▸ **WHAT YOU NEED TO DO**: If a line of the data below holds the word "lemma", list it.

▸ **PROVIDED RECORDS**:
lemma path_edges_snoc: "vs \<noteq> [] \<Longrightarrow> path_edges (vs @ [b]) = insert (last vs, b) (path_edges vs)"
proof (induction vs)
  case (Cons a vs)
  then show ?case by (cases vs) (auto simp: path_edges_Cons_Cons)
qed simp

lemma nth_in_path_edges: "Suc i < length vs \<Longrightarrow> (vs ! i, vs ! Suc i) \<in> path_edges vs"
  unfolding path_edges_def set_zip by (auto simp: nth_tl intro!: exI[of _ i])

lemma path_reaches_last:
  assumes "path_edges vs \<subseteq> E" and "b \<in> set vs"
  shows "(b, last vs) \<in> E\<^sup>*"
  using assms
proof (induction vs arbitrary: b)
  case (Cons a vs)
  show ?case
  proof (cases vs)
    case (Cons a' vs')
    have "(a, a') \<in> E" and sub: "path_edges vs \<subseteq> E"
      using Cons.prems Cons by (auto simp: path_edges_Cons_Cons)
    moreover have "(a', last vs) \<in> E\<^sup>*" using Cons.IH[OF sub, of a'] Cons by simp
    ultimately have "(a, last vs) \<in> E\<^sup>*" by (meson converse_rtrancl_into_rtrancl)
    then show ?thesis using Cons.IH[OF sub] Cons.prems Cons by auto
  qed (use Cons in simp)
qed simp

lemma odd_st_path_has_edge: "odd_st_path V E s t vs \<Longrightarrow> path_edges vs \<noteq> {}"
  unfolding odd_st_path_def
  by (cases vs; cases "tl vs") (auto simp: path_edges_Cons_Cons)

lemma exists_threshold_crossing:
  fixes f :: "nat \<Rightarrow> real"
  assumes "f 0 < \<theta>" and "\<theta> \<le> f k"
  shows "\<exists>i<k. f i < \<theta> \<and> \<theta> \<le> f (Suc i)"
  using assms
proof (induction k)
  case (Suc k)
  then show ?case by (cases "f k < \<theta>") (auto, meson less_SucI not_le)
qed simp

lemma exists_le_integral_on_unit_interval:
  fixes f g :: "real \<Rightarrow> real"
  assumes fin: "finite (f ` {0<..1})" and g: "integrable lborel g" "\<And>\<theta>. 0 \<le> g \<theta>"
    and le: "\<And>\<theta>. \<theta> \<in> {0<..1} \<Longrightarrow> f \<theta> \<le> g \<theta>"
  shows "\<exists>\<theta>\<in>{0<..1}. f \<theta> \<le> integral\<^sup>L lborel g"
proof -
  obtain \<theta>\<^sub>0 where \<theta>\<^sub>0: "\<theta>\<^sub>0 \<in> {0<..1}" "f \<theta>\<^sub>0 = Min (f ` {0<..1})"
    using Min_in[OF fin] by fastforce
  have dominated: "f \<theta>\<^sub>0 * indicator {0<..1} \<theta> \<le> g \<theta>" for \<theta> :: real
    using \<theta>\<^sub>0 Min_le[OF fin, of "f \<theta>"] le[of \<theta>] g(2)[of \<theta>] by (auto simp: indicator_def)
  have "(LINT \<theta>|lborel. f \<theta>\<^sub>0 * indicator {0<..1::real} \<theta>) \<le> integral\<^sup>L lborel g"
    using dominated g(1)
    by (intro integral_mono integrable_mult_right integrable_real_indicator) auto
  then show ?thesis using \<theta>\<^sub>0(1) by (intro bexI[of _ \<theta>\<^sub>0]) auto
qed

definition path_weight :: "(('a \<times> 'a) \<Rightarrow> real) \<Rightarrow> 'a list \<Rightarrow> real" where
  "path_weight x vs = (\<Sum>e\<in>path_edges vs. x e)"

▸ **RESULT**:
lemma path_edges_snoc: "vs \<noteq> [] \<Longrightarrow> path_edges (vs @ [b]) = insert (last vs, b) (path_edges vs)"
lemma nth_in_path_edges: "Suc i < length vs \<Longrightarrow> (vs ! i, vs ! Suc i) \<in> path_edges vs"
lemma path_reaches_last:
lemma odd_st_path_has_edge: "odd_st_path V E s t vs \<Longrightarrow> path_edges vs \<noteq> {}"
lemma exists_threshold_crossing:
lemma exists_le_integral_on_unit_interval:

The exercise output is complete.